Parents should not be the source of unjust rebukes against their children and children should not badmouth and disrespect their parents, in the same regard. No one should suffer under any authority for doing right and no one in authority should be defamed for doing their job fairly and within legally prescribed bounds.
27 ¶ He that hath knowledge spareth his words: and a man of understanding is of an excellent spirit. 28 Even a fool, when he holdeth his peace, is counted wise: and he that shutteth his lips is esteemed a man of understanding.

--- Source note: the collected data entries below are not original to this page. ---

lemma step_sign_definite_iff:
  fixes a b c m :: nat and \<alpha> \<beta> :: real and f :: "nat \<Rightarrow> real"
  assumes f: "\<And>x. f x = \<alpha> * of_bool (a \<le> x) + \<beta> * of_bool (b \<le> x) - (\<alpha> + \<beta>) * of_bool (c \<le> x)"
    and "0 < \<alpha>" "0 < \<beta>" and "a \<noteq> b" "a \<noteq> c" "b \<noteq> c" and "a \<le> m" "b \<le> m" "c \<le> m"
  shows "(\<exists>t. (\<forall>x<m. 0 \<le> t * f x) \<and> (\<exists>x<m. t * f x \<noteq> 0)) \<longleftrightarrow>
    \<not> (a < c \<and> c < b \<or> b < c \<and> c < a)"
proof
  assume "\<exists>t. (\<forall>x<m. 0 \<le> t * f x) \<and> (\<exists>x<m. t * f x \<noteq> 0)"
  then obtain t where nonneg: "\<forall>x<m. 0 \<le> t * f x" and "t \<noteq> 0" by auto
  have pos: "0 < t" if "x < m" "0 < f x" for x
    using nonneg[rule_format, OF that(1)] \<open>t \<noteq> 0\<close> that(2) by (auto simp: zero_le_mult_iff)
  have neg: "t < 0" if "x < m" "f x < 0" for x
    using nonneg[rule_format, OF that(1)] \<open>t \<noteq> 0\<close> that(2) by (auto simp: zero_le_mult_iff)
  show "\<not> (a < c \<and> c < b \<or> b < c \<and> c < a)"
  proof
    assume "a < c \<and> c < b \<or> b < c \<and> c < a"
    then show False
    proof
      assume "a < c \<and> c < b"
      then have "0 < f a" "f c < 0" "a < m" "c < m"
        using assms by (auto simp: f)
      then show False
        using pos neg by fastforce
    next
      assume "b < c \<and> c < a"
      then have "0 < f b" "f c < 0" "b < m" "c < m"
        using assms by (auto simp: f)
      then show False
        using pos neg by fastforce
    qed
  qed
next
  assume "\<not> (a < c \<and> c < b \<or> b < c \<and> c < a)"
  then have "c < a \<and> c < b \<or> a < c \<and> b < c"
    using assms by linarith
  then show "\<exists>t. (\<forall>x<m. 0 \<le> t * f x) \<and> (\<exists>x<m. t * f x \<noteq> 0)"
  proof
    assume "c < a \<and> c < b"
    then have "\<forall>x. f x \<le> 0" "f c < 0" "c < m"
      using assms by (auto simp: f)
    then show ?thesis
      by (intro exI[of _ "-1"]) auto
  next
    assume "a < c \<and> b < c"
    then have "\<forall>x. 0 \<le> f x" "0 < f a" "a < m"
      using assms by (auto simp: f)
    then show ?thesis
      by (intro exI[of _ 1]) (auto intro!: exI[of _ a])
  qed
qed

theorem theorem7:
  fixes n :: nat and p :: "nat \<Rightarrow> nat"
  assumes "n > 3"
    and "p permutes {..<n}"
  shows "(let r = inv_into UNIV p in
            (r 0 < r (n - 1) \<and> r (n - 1) < r 1) \<or> (r 1 < r (n - 1) \<and> r (n - 1) < r 0))
     \<longleftrightarrow>
     \<not> (\<exists>y \<in> carrier_vec (n - 1).
           transpose_mat (Xi_mat n * perm_mat n p * dist_count_mat n (Gn_arcs n)) *\<^sub>v y = 0\<^sub>v n
         \<and> (\<forall>i < n - 1. y $ i \<ge> 0) \<and> y \<noteq> 0\<^sub>v (n - 1))"
proof -
  let ?r = "inv_into UNIV p"
  have r_perm: "?r permutes {..<n}"
    using permutes_inv[OF assms(2)] .
  have step: "Gn_step n ?r x = 1 * of_bool (?r 0 \<le> x) + (real n - 3) * of_bool (?r 1 \<le> x)
      - (1 + (real n - 3)) * of_bool (?r (n - 1) \<le> x)" for x
    by (simp add: Gn_step_def)
  have "?r 0 \<noteq> ?r 1" "?r 0 \<noteq> ?r (n - 1)" "?r 1 \<noteq> ?r (n - 1)"
    using assms(1) by (simp_all add: inj_eq[OF permutes_inj[OF r_perm]])
  moreover have "?r v \<le> n - 1" if "v < n" for v
    using permutes_in_image[OF r_perm, of v] that by simp
  ultimately have "(\<exists>t. (\<forall>x<n - 1. 0 \<le> t * Gn_step n ?r x) \<and> (\<exists>x<n - 1. t * Gn_step n ?r x \<noteq> 0))
      \<longleftrightarrow> \<not> (?r 0 < ?r (n - 1) \<and> ?r (n - 1) < ?r 1 \<or> ?r 1 < ?r (n - 1) \<and> ?r (n - 1) < ?r 0)"
    using assms(1) by (intro step_sign_definite_iff[OF step]) simp_all
  then show ?thesis
    unfolding Gn_nonneg_kernel_vec_iff[OF assms] Let_def by blast
qed

end
(* Let $E$ be a graph and $X\subseteq{\rm Reg}(E)$. Then $D(\partial_X(E))\delta_0=\{a\delta_0:a\in D(\partial_X(E))\}$ is a maximal commutative subring of $D(\partial_X(E))\rtimes_\alpha\mathbb F$ (i.e., every element of $D(\partial_X(E))\rtimes_\alpha\mathbb F$ commuting with all of $D(\partial_X(E))\delta_0$ lies in $D(\partial_X(E))\delta_0$) if and only if $E$ satisfies Relative Condition (L).
   Context: Let $K$ be a field and $E=(E^0,E^1,r,s)$ a directed graph. A vertex $v$ is a sink if $s^{-1}(v)=\emptyset$, regular if $s^{-1}(v)$ is finite and nonempty; ${\rm Reg}(E)$ is the set of regular vertices; $Y={\rm Reg}(E)\setminus X$. Finite paths are $\xi_1\cdots\xi_n$ with $r(\xi_i)=s(\xi_{i+1})$, vertices being paths of length $0$; $E^\infty$ is the set of infinite paths. A cycle is a path $e_1\cdots e_n$ ($n\ge1$) with $r(e_n)=s(e_1)$ and $s(e_i)\ne s(e_j)$ for $i\neq j$; an exit is an edge $e$ with $s(e)=s(e_i)$ for some $i$ and $e\ne e_i$. $E$ satisfies Relative Condition (L) if every cycle $e_1\cdots e_n$ with $s(e_i)\notin Y$ for all $i$ has an exit. The relative boundary path space is $\partial_X(E)=E^\infty\cup\{\xi \text{ finite path}: r(\xi)\text{ is a sink}\}\cup\{\xi\text{ finite path}: r(\xi)\in Y\}$. Let $\mathbb F$ be the free group on $E^1$ with identity $0$, and $W$ the set of finite paths of length $\ge1$, viewed in $\mathbb F$. Define subsets of $\partial_X(E)$: $U_0=\partial_X(E)$; $U_{b^{-1}}=\{\xi: s(\xi)=r(b)\}$ for $b\in W$; $U_a=\{\xi: \xi_1\cdots\xi_{|a|}=a\}$ for $a\in W$; $U_{ab^{-1}}=U_a$ for $a,b\in W$ with $r(a)=r(b)$ and $a_{|a|}\ne b_{|b|}$; $U_c=\emptyset$ for all other $c$; and $U_v=\{\xi: s(\xi)=v\}$ for $v\in E^0$. Maps $\theta_c:U_{c^{-1}}\to U_c$: $\theta_0={\rm id}$; $\theta_b(\xi)=b\xi$ for $b\in W$; $\theta_{b^{-1}}$ deletes the initial segment $b$ (sending $b$ to $r(b)$); $\theta_{ab^{-1}}$ deletes the initial segment $b$ and prepends $a$. Let $1_c$, $1_v$ be the characteristic functions of $U_c$, $U_v$ (functions $\partial_X(E)\to K$). Put $D_0=D(\partial_X(E))={\rm span}_K(\{1_p:p\ne0\}\cup\{1_v:v\in E^0\})$ and $D_p={\rm span}_K\{1_p1_q:q\in\mathbb F\}$ for $p\neq0$; $\alpha_p:D_{p^{-1}}\to D_p$, $\alpha_p(f)=f\circ\theta_{p^{-1}}$ on $U_p$ and $0$ elsewhere. $D(\partial_X(E))\rtimes_\alpha\mathbb F$ is the set of finite sums $\sum a_t\delta_t$, $a_t\in D_t$, with multiplication $(a_t\delta_t)(b_s\delta_s)=\alpha_t(\alpha_{t^{-1}}(a_t)b_s)\delta_{ts}$. *)

theory Defs
  imports Main
begin

record ('v, 'e) graph =
  verts :: "'v set"
  edges :: "'e set"
  rng   :: "'e \<Rightarrow> 'v"
  src   :: "'e \<Rightarrow> 'v"

definition wf_graph :: "('v, 'e) graph \<Rightarrow> bool" where
  "wf_graph G \<longleftrightarrow> (\<forall>e\<in>edges G. src G e \<in> verts G \<and> rng G e \<in> verts G)"

definition is_sink :: "('v, 'e) graph \<Rightarrow> 'v \<Rightarrow> bool" where
  "is_sink G v \<longleftrightarrow> v \<in> verts G \<and> {e \<in> edges G. src G e = v} = {}"

definition is_regular :: "('v, 'e) graph \<Rightarrow> 'v \<Rightarrow> bool" where
  "is_regular G v \<longleftrightarrow> v \<in> verts G \<and> finite {e \<in> edges G. src G e = v}
                      \<and> {e \<in> edges G. src G e = v} \<noteq> {}"

definition Reg :: "('v, 'e) graph \<Rightarrow> 'v set" where
  "Reg G = {v. is_regular G v}"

There is a saying; “it is better to remain silent and be thought a fool, than to open one’s mouth and remove all doubt”. The Proverbs have told us many times before that guarding your lips and watching your words are proof of your wisdom. A person who watches what they say is possessed of an excellent spirit. Even a fool, and the Proverbs have had many bad things to say about a fool, even a fool looks wise when he watches his tongue, which admittedly is very difficult for him. Be careful what you say and how you say it. If you really know something, even Christ, you’ll use your words sparingly and carefully, not wanting to confuse or impart some incorrect thing to a person. A babbler just tends to leave a person with more questions than answers.
Proverbs 15:2 The tongue of the wise useth knowledge aright: but the mouth of fools poureth out foolishness.